- _WHAT IS BEING ASKED_
Set down the records below in full, exactly as they read.

Items listed in a dataset
═══

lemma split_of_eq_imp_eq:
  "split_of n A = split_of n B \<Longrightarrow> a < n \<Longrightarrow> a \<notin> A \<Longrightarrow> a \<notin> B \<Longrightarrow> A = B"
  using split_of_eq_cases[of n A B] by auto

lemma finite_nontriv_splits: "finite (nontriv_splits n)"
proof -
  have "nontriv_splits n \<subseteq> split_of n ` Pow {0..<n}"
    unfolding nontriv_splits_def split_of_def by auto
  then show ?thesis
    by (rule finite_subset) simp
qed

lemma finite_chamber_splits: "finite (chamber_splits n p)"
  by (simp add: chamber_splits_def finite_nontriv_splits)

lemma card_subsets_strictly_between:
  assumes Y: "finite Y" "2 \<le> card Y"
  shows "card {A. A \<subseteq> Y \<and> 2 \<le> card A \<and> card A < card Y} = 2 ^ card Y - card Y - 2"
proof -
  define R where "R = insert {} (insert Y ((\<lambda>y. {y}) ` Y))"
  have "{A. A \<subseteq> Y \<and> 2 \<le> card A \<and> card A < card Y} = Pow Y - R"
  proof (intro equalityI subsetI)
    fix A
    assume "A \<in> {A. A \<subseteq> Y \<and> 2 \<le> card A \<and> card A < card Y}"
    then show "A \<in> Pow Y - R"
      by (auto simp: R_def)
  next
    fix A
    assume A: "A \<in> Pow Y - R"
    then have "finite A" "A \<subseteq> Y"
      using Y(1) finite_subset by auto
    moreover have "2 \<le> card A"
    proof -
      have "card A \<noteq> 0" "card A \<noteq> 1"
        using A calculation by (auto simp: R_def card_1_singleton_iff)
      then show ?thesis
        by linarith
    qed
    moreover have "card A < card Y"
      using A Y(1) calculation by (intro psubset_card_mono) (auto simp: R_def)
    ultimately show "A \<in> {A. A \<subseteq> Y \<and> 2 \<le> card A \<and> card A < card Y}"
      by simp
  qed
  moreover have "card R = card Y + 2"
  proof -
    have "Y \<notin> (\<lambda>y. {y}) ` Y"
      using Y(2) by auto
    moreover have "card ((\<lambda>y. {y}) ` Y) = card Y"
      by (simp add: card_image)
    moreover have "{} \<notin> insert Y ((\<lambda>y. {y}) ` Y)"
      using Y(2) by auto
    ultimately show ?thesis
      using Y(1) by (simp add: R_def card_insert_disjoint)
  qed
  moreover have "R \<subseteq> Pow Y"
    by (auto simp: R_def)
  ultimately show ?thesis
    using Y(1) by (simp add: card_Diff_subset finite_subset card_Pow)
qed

═══

- _EXERCISE RESULT_
lemma split_of_eq_imp_eq:
  "split_of n A = split_of n B \<Longrightarrow> a < n \<Longrightarrow> a \<notin> A \<Longrightarrow> a \<notin> B \<Longrightarrow> A = B"
  using split_of_eq_cases[of n A B] by auto

lemma finite_nontriv_splits: "finite (nontriv_splits n)"
proof -
  have "nontriv_splits n \<subseteq> split_of n ` Pow {0..<n}"
    unfolding nontriv_splits_def split_of_def by auto
  then show ?thesis
    by (rule finite_subset) simp
qed

lemma finite_chamber_splits: "finite (chamber_splits n p)"
  by (simp add: chamber_splits_def finite_nontriv_splits)

lemma card_subsets_strictly_between:
  assumes Y: "finite Y" "2 \<le> card Y"
  shows "card {A. A \<subseteq> Y \<and> 2 \<le> card A \<and> card A < card Y} = 2 ^ card Y - card Y - 2"
proof -
  define R where "R = insert {} (insert Y ((\<lambda>y. {y}) ` Y))"
  have "{A. A \<subseteq> Y \<and> 2 \<le> card A \<and> card A < card Y} = Pow Y - R"
  proof (intro equalityI subsetI)
    fix A
    assume "A \<in> {A. A \<subseteq> Y \<and> 2 \<le> card A \<and> card A < card Y}"
    then show "A \<in> Pow Y - R"
      by (auto simp: R_def)
  next
    fix A
    assume A: "A \<in> Pow Y - R"
    then have "finite A" "A \<subseteq> Y"
      using Y(1) finite_subset by auto
    moreover have "2 \<le> card A"
    proof -
      have "card A \<noteq> 0" "card A \<noteq> 1"
        using A calculation by (auto simp: R_def card_1_singleton_iff)
      then show ?thesis
        by linarith
    qed
    moreover have "card A < card Y"
      using A Y(1) calculation by (intro psubset_card_mono) (auto simp: R_def)
    ultimately show "A \<in> {A. A \<subseteq> Y \<and> 2 \<le> card A \<and> card A < card Y}"
      by simp
  qed
  moreover have "card R = card Y + 2"
  proof -
    have "Y \<notin> (\<lambda>y. {y}) ` Y"
      using Y(2) by auto
    moreover have "card ((\<lambda>y. {y}) ` Y) = card Y"
      by (simp add: card_image)
    moreover have "{} \<notin> insert Y ((\<lambda>y. {y}) ` Y)"
      using Y(2) by auto
    ultimately show ?thesis
      using Y(1) by (simp add: R_def card_insert_disjoint)
  qed
  moreover have "R \<subseteq> Pow Y"
    by (auto simp: R_def)
  ultimately show ?thesis
    using Y(1) by (simp add: card_Diff_subset finite_subset card_Pow)
qed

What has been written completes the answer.